周六下午三点的阳光斜斜洒进“回声”琴行。
林紫乐推开门时,风铃发出清脆的响声。店里空间不大,却摆满了乐器——墙上挂着各式吉他,架子上陈列着小提琴和中提琴,角落还有一架立式钢琴。空气中混合着木料、松香和旧纸张的气味。
“来了?”叶云柔从里间探出头,手里拿着一个琴弓修理工具,“老板在楼上,马上下来。”
她今天穿了件米色针织衫,头发松松地扎在脑后,整个人看起来比在学校里放松许多。林紫乐注意到她手指上贴着创可贴——大概是练琴太久磨破的。
“其他人呢?”
“小柯说她要去接林萱和桉意,马上到。”叶云柔放下工具,走到小提琴陈列架前,“来看看这把。十九世纪的德国琴,音色很温暖。”
林紫乐小心地接过琴。琴身的弧度优雅,漆面在灯光下泛着琥珀色的光泽。她架上肩,试了一个音——低音浑厚饱满,高音清澈通透,震动传递到锁骨,像一声悠长的叹息。
“好琴。”她轻声说,有些不舍地放回架子上。
“你手上的那把更好。”一个温和的声音从楼梯口传来。
老板是个五十岁上下的男人,戴着圆框眼镜,灰色毛衣的袖口挽到手肘,露出小臂上淡淡的疤痕——那是长期托琴留下的印记。
“我姓陈,是这家店的老板,也是云柔的启蒙老师之一。”他笑着伸出手,“你就是林紫乐吧?云柔提过你很多次。”
林紫乐握手时注意到,陈老师的手上也有琴茧,位置和她的几乎一样。
“我母亲以前也常来这家店。”她说出这句话时有些惊讶。记忆的闸门突然打开——是的,小时候母亲带她来过,买琴弦,买松香,买乐谱。那时店里还没这么多吉他,主要是弦乐器。
陈老师的眼睛亮了一下:“你母亲是……林婉如老师?”
林紫乐愣住了:“您认识她?”
“何止认识。”陈老师走到柜台后,翻找出一本泛黄的相册,“二十多年前,她是这里的常客。你看。”

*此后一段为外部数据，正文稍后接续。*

(* Let $L$ be a free $O_p$-module of finite rank $t$, $\xi:L\to L$ an $O_p$-linear endomorphism, and $K\subseteq L$ an $O_p[\xi]$-submodule with $\xi(K)\subseteq p^nL$ and $L/K\cong\bigoplus_{i=1}^{t}O_p/p^{a_i}O_p$ with $n\ge a_1\ge a_2\ge\dots\ge a_t\ge0$. Put $b_i=n-a_i$ and $B(j)=\sum_{i=1}^jb_i$. Write the characteristic polynomial of $\xi$ on $L$ as $\det(X-\xi)=\sum_{s=0}^td_sX^{t-s}$. Then $d_s\equiv0\bmod p^{B(s)}$ for all $0\le s\le t$.
   Context: $O_p$ is the completion at $p$ of the ring of integers $O$ of an imaginary quadratic field in which the odd rational prime $p$ is inert (a complete discrete valuation ring with uniformizer $p$). *)

theory Defs
  imports "HOL-Computational_Algebra.Polynomial" "Jordan_Normal_Form.Char_Poly"
begin

text \<open>The ring O_p: the completion at p of the ring of integers of an imaginary
quadratic field in which the odd prime p is inert.  Up to isomorphism this is the
unique complete discrete valuation ring of characteristic 0 with uniformizer p and
residue field of p^2 elements (the unramified quadratic extension of Z_p).\<close>

definition p_cauchy :: "nat \<Rightarrow> (nat \<Rightarrow> 'a::comm_ring_1) \<Rightarrow> bool" where
  "p_cauchy p x \<longleftrightarrow> (\<forall>k. \<exists>N. \<forall>m\<ge>N. \<forall>m'\<ge>N. (of_nat p :: 'a) ^ k dvd x m - x m')"

definition p_converges_to :: "nat \<Rightarrow> (nat \<Rightarrow> 'a::comm_ring_1) \<Rightarrow> 'a \<Rightarrow> bool" where
  "p_converges_to p x l \<longleftrightarrow> (\<forall>k. \<exists>N. \<forall>m\<ge>N. (of_nat p :: 'a) ^ k dvd x m - l)"

definition Op_ring :: "nat \<Rightarrow> 'a::idom itself \<Rightarrow> bool" where
  "Op_ring p _ \<longleftrightarrow>
     prime p \<and> odd p
     \<comment> \<open>characteristic zero\<close>
     \<and> inj (of_nat :: nat \<Rightarrow> 'a)
     \<comment> \<open>discrete valuation ring with uniformizer p\<close>
     \<and> \<not> ((of_nat p :: 'a) dvd 1)
     \<and> (\<forall>x::'a. x \<noteq> 0 \<longrightarrow> (\<exists>u k. u dvd 1 \<and> x = u * of_nat p ^ k))
     \<comment> \<open>complete for the p-adic topology\<close>
     \<and> (\<forall>x::nat \<Rightarrow> 'a. p_cauchy p x \<longrightarrow> (\<exists>l. p_converges_to p x l))
     \<comment> \<open>residue field O_p / p O_p has p^2 elements (p is inert)\<close>
     \<and> card (range (\<lambda>x::'a. {y. (of_nat p :: 'a) dvd x - y})) = p ^ 2"

text \<open>Componentwise congruence in O_p^t modulo (p^{a_1},...,p^{a_t}); the vector
index i (0-based) corresponds to the paper's index i+1.\<close>
definition cong_diag :: "'a::comm_ring_1 \<Rightarrow> nat \<Rightarrow> (nat \<Rightarrow> nat) \<Rightarrow> 'a vec \<Rightarrow> 'a vec \<Rightarrow> bool" where
  "cong_diag \<pi> t a u v \<longleftrightarrow> (\<forall>i<t. \<pi> ^ a (Suc i) dvd u $ i - v $ i)"

text \<open>L/K is isomorphic to the direct sum of O_p/p^{a_i} O_p (i = 1..t), L = O_p^t:
there is an O_p-module homomorphism from L onto the direct sum (represented by
representatives in O_p^t modulo cong_diag) whose kernel is exactly K.\<close>
definition quotient_iso_diag :: "'a::comm_ring_1 \<Rightarrow> nat \<Rightarrow> 'a vec set \<Rightarrow> (nat \<Rightarrow> nat) \<Rightarrow> bool" where
  "quotient_iso_diag \<pi> t K a \<longleftrightarrow>
    (\<exists>\<psi>. (\<forall>x\<in>carrier_vec t. \<psi> x \<in> carrier_vec t)
       \<and> (\<forall>x\<in>carrier_vec t. \<forall>y\<in>carrier_vec t. cong_diag \<pi> t a (\<psi> (x + y)) (\<psi> x + \<psi> y))
       \<and> (\<forall>c. \<forall>x\<in>carrier_vec t. cong_diag \<pi> t a (\<psi> (c \<cdot>\<^sub>v x)) (c \<cdot>\<^sub>v \<psi> x))
       \<and> (\<forall>y\<in>carrier_vec t. \<exists>x\<in>carrier_vec t. cong_diag \<pi> t a (\<psi> x) y)
       \<and> (\<forall>x\<in>carrier_vec t. x \<in> K \<longleftrightarrow> cong_diag \<pi> t a (\<psi> x) (0\<^sub>v t)))"

end

theory Submission
  imports Defs
begin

照片上,年轻的母亲抱着小提琴站在店里,身边围着一群人,大家都笑得很开心。那时的母亲长发及腰,眼睛里有着林紫乐几乎要忘记的光彩。
“那时候我们有个小乐团,每周在这里排练。”陈老师指着照片上的人,“你母亲是第一小提琴手,我是大提琴手。这位是云柔的母亲——”
林紫乐猛地抬头。
叶云柔正站在吉他架旁,表情平静,但手指无意识地拨弄着一根琴弦。
“——当时我们的吉他手。”陈老师继续说,“所以当云柔第一次来店里时,我就认出她了。眉眼和她母亲年轻时一模一样。”
风铃又响了。叶小柯推门进来,身后跟着林萱和林桉意。
“哇!这里好棒!”叶小柯的眼睛立刻被满屋的乐器吸引,“老板好!我们是云柔学姐的同学!”

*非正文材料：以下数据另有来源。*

(* Let $G$ be a locally compact group, $K$ a compact subgroup with normalized Haar measure $dk$, $\delta>0$, and $\mu:G\to\mathbb{C}$ a continuous unitary character. Let $f,g\in\mathcal{C}(G)$ with $f$ unbounded satisfy $$\Big|\int_K f(xkyk^{-1})\,dk+\mu(y)\int_K f(xky^{-1}k^{-1})\,dk-2f(x)g(y)\Big|\le\delta\quad\text{for all }x,y\in G. \qquad (5.1)$$ Then: (i) for every $x\in G$, the pair $(C_K(L_{x^{-1}}f),g)$ satisfies (5.1), where $C_K(L_{x^{-1}}f)(y)=\int_Kf(xkyk^{-1})\,dk$; (ii) $g(y)=\mu(y)g(y^{-1})$ for all $y\in G$; (iii) $g$ is $K$-central.
   Context: A unitary character is a continuous homomorphism $\mu:G\to\{z\in\mathbb{C}:|z|=1\}$. $(L_af)(y)=f(a^{-1}y)$, $(C_Kf)(x)=\int_Kf(kxk^{-1})\,dk$. A function $g$ is $K$-central if $g(kx)=g(xk)$ for all $k\in K,x\in G$. *)

theory Defs
  imports "HOL-Analysis.Analysis" "HOL-Probability.Probability" "HOL-Algebra.Group"
begin

definition lc_group :: "('a::t2_space, 'b) monoid_scheme \<Rightarrow> bool" where
  "lc_group G \<longleftrightarrow> group G
     \<and> continuous_on (carrier G \<times> carrier G) (\<lambda>p. fst p \<otimes>\<^bsub>G\<^esub> snd p)
     \<and> continuous_on (carrier G) (\<lambda>x. inv\<^bsub>G\<^esub> x)
     \<and> locally_compact_space (top_of_set (carrier G))"

definition normalized_haar :: "('a::t2_space, 'b) monoid_scheme \<Rightarrow> 'a set \<Rightarrow> 'a measure \<Rightarrow> bool" where
  "normalized_haar G K M \<longleftrightarrow>
     sets M = sets (restrict_space borel K) \<and> space M = K \<and> prob_space M
     \<and> (\<forall>h\<in>K. distr M M (\<lambda>k. h \<otimes>\<^bsub>G\<^esub> k) = M \<and> distr M M (\<lambda>k. k \<otimes>\<^bsub>G\<^esub> h) = M)"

“欢迎欢迎。”陈老师合上相册,“随便看,随便试。楼上有小排练室,需要的话可以用。”
林桉意小心翼翼地在店里走动,眼睛睁得大大的,仿佛闯入了什么神圣的殿堂。林萱则已经走到乐谱架前,翻看着那些泛黄的谱子。
“所以……”林紫乐转向叶云柔,“你早就知道?”
“上次听你拉琴时就有点怀疑。”叶云柔的声音很轻,“那种揉弦的方式,还有对乐句的处理……太像我母亲描述过的林阿姨的演奏风格了。后来看到你的手抄谱,就基本确定了。”
“但你什么都没说。”
“我不知道该怎么说。”叶云柔终于抬起头,“而且……我觉得这件事应该由陈老师告诉你。”
林紫乐看着那张老照片。照片里的两个年轻女子肩并肩站着,一个抱着小提琴,一个抱着吉他,笑容灿烂得刺眼。
“她们后来为什么不联系了?”她问。
陈老师的表情暗了一下:“生活吧。林老师结婚后搬了家,乐团慢慢就散了。再后来……听说她身体不太好。”
“我母亲也很少提起那段时光。”叶云柔说,“她只是有时候会突然说,‘以前有个拉小提琴的朋友,琴声像会说话一样’。”
琴行里安静下来,只有外面街道隐约传来的车声。
叶小柯忽然举起手:“那个……所以学姐和紫乐,你们的妈妈以前是朋友?这是什么样的缘分啊!”
“孽缘吧。”叶云柔半开玩笑地说,但眼睛里有真切的暖意。
陈老师拍拍手:“好了,既然来了,要不要试试合奏?楼上有架不错的钢琴,还有几个谱架。”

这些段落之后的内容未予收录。